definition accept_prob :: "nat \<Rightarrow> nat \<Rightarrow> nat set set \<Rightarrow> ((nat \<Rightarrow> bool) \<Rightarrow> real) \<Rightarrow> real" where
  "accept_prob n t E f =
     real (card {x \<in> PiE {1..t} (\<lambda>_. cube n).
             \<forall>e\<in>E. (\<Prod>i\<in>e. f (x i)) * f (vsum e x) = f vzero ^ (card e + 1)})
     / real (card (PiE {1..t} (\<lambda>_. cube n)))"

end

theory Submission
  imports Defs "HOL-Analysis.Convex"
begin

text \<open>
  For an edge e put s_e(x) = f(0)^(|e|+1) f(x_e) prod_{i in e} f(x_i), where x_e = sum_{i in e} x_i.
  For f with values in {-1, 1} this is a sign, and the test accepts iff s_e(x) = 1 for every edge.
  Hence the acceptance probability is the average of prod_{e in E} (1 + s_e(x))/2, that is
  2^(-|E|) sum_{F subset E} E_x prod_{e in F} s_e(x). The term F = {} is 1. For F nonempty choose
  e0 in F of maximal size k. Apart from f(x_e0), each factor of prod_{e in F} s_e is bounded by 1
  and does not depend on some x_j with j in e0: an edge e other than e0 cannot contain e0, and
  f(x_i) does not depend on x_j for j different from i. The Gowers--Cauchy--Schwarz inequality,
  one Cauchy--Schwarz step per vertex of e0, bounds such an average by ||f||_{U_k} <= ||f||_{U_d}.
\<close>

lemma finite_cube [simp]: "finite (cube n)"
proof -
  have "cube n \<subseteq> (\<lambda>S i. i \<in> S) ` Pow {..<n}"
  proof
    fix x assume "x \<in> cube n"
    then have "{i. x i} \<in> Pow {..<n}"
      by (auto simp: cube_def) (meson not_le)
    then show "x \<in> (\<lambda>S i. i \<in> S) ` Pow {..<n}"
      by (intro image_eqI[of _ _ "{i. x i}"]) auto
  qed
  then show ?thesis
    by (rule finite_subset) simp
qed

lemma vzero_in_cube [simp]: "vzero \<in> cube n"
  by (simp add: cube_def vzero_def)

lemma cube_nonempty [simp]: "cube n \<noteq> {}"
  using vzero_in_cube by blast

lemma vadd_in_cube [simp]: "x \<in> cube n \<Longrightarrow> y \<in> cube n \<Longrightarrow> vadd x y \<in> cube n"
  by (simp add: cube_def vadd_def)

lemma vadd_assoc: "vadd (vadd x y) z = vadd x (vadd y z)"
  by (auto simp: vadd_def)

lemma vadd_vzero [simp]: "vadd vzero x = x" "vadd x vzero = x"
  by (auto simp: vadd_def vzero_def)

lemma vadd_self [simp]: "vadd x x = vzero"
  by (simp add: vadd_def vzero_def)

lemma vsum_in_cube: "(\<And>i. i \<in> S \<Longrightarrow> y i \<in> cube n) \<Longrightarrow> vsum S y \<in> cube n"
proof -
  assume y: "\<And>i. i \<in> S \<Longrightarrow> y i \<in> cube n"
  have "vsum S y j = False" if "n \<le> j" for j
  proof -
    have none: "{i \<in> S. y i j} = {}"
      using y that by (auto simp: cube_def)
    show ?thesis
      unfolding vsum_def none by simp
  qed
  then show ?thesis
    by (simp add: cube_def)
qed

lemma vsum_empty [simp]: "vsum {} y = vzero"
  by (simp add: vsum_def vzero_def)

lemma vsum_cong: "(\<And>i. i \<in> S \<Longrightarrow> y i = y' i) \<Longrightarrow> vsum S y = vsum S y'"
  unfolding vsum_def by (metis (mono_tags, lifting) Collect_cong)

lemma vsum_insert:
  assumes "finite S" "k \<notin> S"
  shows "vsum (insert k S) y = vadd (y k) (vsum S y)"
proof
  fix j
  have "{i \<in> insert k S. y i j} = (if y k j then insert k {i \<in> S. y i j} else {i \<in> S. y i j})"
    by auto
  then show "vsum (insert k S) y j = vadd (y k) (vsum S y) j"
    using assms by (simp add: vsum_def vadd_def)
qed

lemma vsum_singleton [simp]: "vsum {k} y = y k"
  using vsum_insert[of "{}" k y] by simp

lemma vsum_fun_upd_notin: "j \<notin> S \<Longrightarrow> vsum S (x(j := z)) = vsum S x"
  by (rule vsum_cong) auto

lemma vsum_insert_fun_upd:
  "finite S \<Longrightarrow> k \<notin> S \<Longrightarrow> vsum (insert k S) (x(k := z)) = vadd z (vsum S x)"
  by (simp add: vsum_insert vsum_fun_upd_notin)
=====
Work item
Set down every entry once more, exactly as it was written above.

Output for this exercise
definition accept_prob :: "nat \<Rightarrow> nat \<Rightarrow> nat set set \<Rightarrow> ((nat \<Rightarrow> bool) \<Rightarrow> real) \<Rightarrow> real" where
  "accept_prob n t E f =
     real (card {x \<in> PiE {1..t} (\<lambda>_. cube n).
             \<forall>e\<in>E. (\<Prod>i\<in>e. f (x i)) * f (vsum e x) = f vzero ^ (card e + 1)})
     / real (card (PiE {1..t} (\<lambda>_. cube n)))"

end

theory Submission
  imports Defs "HOL-Analysis.Convex"
begin

text \<open>
  For an edge e put s_e(x) = f(0)^(|e|+1) f(x_e) prod_{i in e} f(x_i), where x_e = sum_{i in e} x_i.
  For f with values in {-1, 1} this is a sign, and the test accepts iff s_e(x) = 1 for every edge.
  Hence the acceptance probability is the average of prod_{e in E} (1 + s_e(x))/2, that is
  2^(-|E|) sum_{F subset E} E_x prod_{e in F} s_e(x). The term F = {} is 1. For F nonempty choose
  e0 in F of maximal size k. Apart from f(x_e0), each factor of prod_{e in F} s_e is bounded by 1
  and does not depend on some x_j with j in e0: an edge e other than e0 cannot contain e0, and
  f(x_i) does not depend on x_j for j different from i. The Gowers--Cauchy--Schwarz inequality,
  one Cauchy--Schwarz step per vertex of e0, bounds such an average by ||f||_{U_k} <= ||f||_{U_d}.
\<close>

lemma finite_cube [simp]: "finite (cube n)"
proof -
  have "cube n \<subseteq> (\<lambda>S i. i \<in> S) ` Pow {..<n}"
  proof
    fix x assume "x \<in> cube n"
    then have "{i. x i} \<in> Pow {..<n}"
      by (auto simp: cube_def) (meson not_le)
    then show "x \<in> (\<lambda>S i. i \<in> S) ` Pow {..<n}"
      by (intro image_eqI[of _ _ "{i. x i}"]) auto
  qed
  then show ?thesis
    by (rule finite_subset) simp
qed

lemma vzero_in_cube [simp]: "vzero \<in> cube n"
  by (simp add: cube_def vzero_def)

lemma cube_nonempty [simp]: "cube n \<noteq> {}"
  using vzero_in_cube by blast

lemma vadd_in_cube [simp]: "x \<in> cube n \<Longrightarrow> y \<in> cube n \<Longrightarrow> vadd x y \<in> cube n"
  by (simp add: cube_def vadd_def)

lemma vadd_assoc: "vadd (vadd x y) z = vadd x (vadd y z)"
  by (auto simp: vadd_def)

lemma vadd_vzero [simp]: "vadd vzero x = x" "vadd x vzero = x"
  by (auto simp: vadd_def vzero_def)

lemma vadd_self [simp]: "vadd x x = vzero"
  by (simp add: vadd_def vzero_def)

lemma vsum_in_cube: "(\<And>i. i \<in> S \<Longrightarrow> y i \<in> cube n) \<Longrightarrow> vsum S y \<in> cube n"
proof -
  assume y: "\<And>i. i \<in> S \<Longrightarrow> y i \<in> cube n"
  have "vsum S y j = False" if "n \<le> j" for j
  proof -
    have none: "{i \<in> S. y i j} = {}"
      using y that by (auto simp: cube_def)
    show ?thesis
      unfolding vsum_def none by simp
  qed
  then show ?thesis
    by (simp add: cube_def)
qed

lemma vsum_empty [simp]: "vsum {} y = vzero"
  by (simp add: vsum_def vzero_def)

lemma vsum_cong: "(\<And>i. i \<in> S \<Longrightarrow> y i = y' i) \<Longrightarrow> vsum S y = vsum S y'"
  unfolding vsum_def by (metis (mono_tags, lifting) Collect_cong)

lemma vsum_insert:
  assumes "finite S" "k \<notin> S"
  shows "vsum (insert k S) y = vadd (y k) (vsum S y)"
proof
  fix j
  have "{i \<in> insert k S. y i j} = (if y k j then insert k {i \<in> S. y i j} else {i \<in> S. y i j})"
    by auto
  then show "vsum (insert k S) y j = vadd (y k) (vsum S y) j"
    using assms by (simp add: vsum_def vadd_def)
qed

lemma vsum_singleton [simp]: "vsum {k} y = y k"
  using vsum_insert[of "{}" k y] by simp

lemma vsum_fun_upd_notin: "j \<notin> S \<Longrightarrow> vsum S (x(j := z)) = vsum S x"
  by (rule vsum_cong) auto

lemma vsum_insert_fun_upd:
  "finite S \<Longrightarrow> k \<notin> S \<Longrightarrow> vsum (insert k S) (x(k := z)) = vadd z (vsum S x)"
  by (simp add: vsum_insert vsum_fun_upd_notin)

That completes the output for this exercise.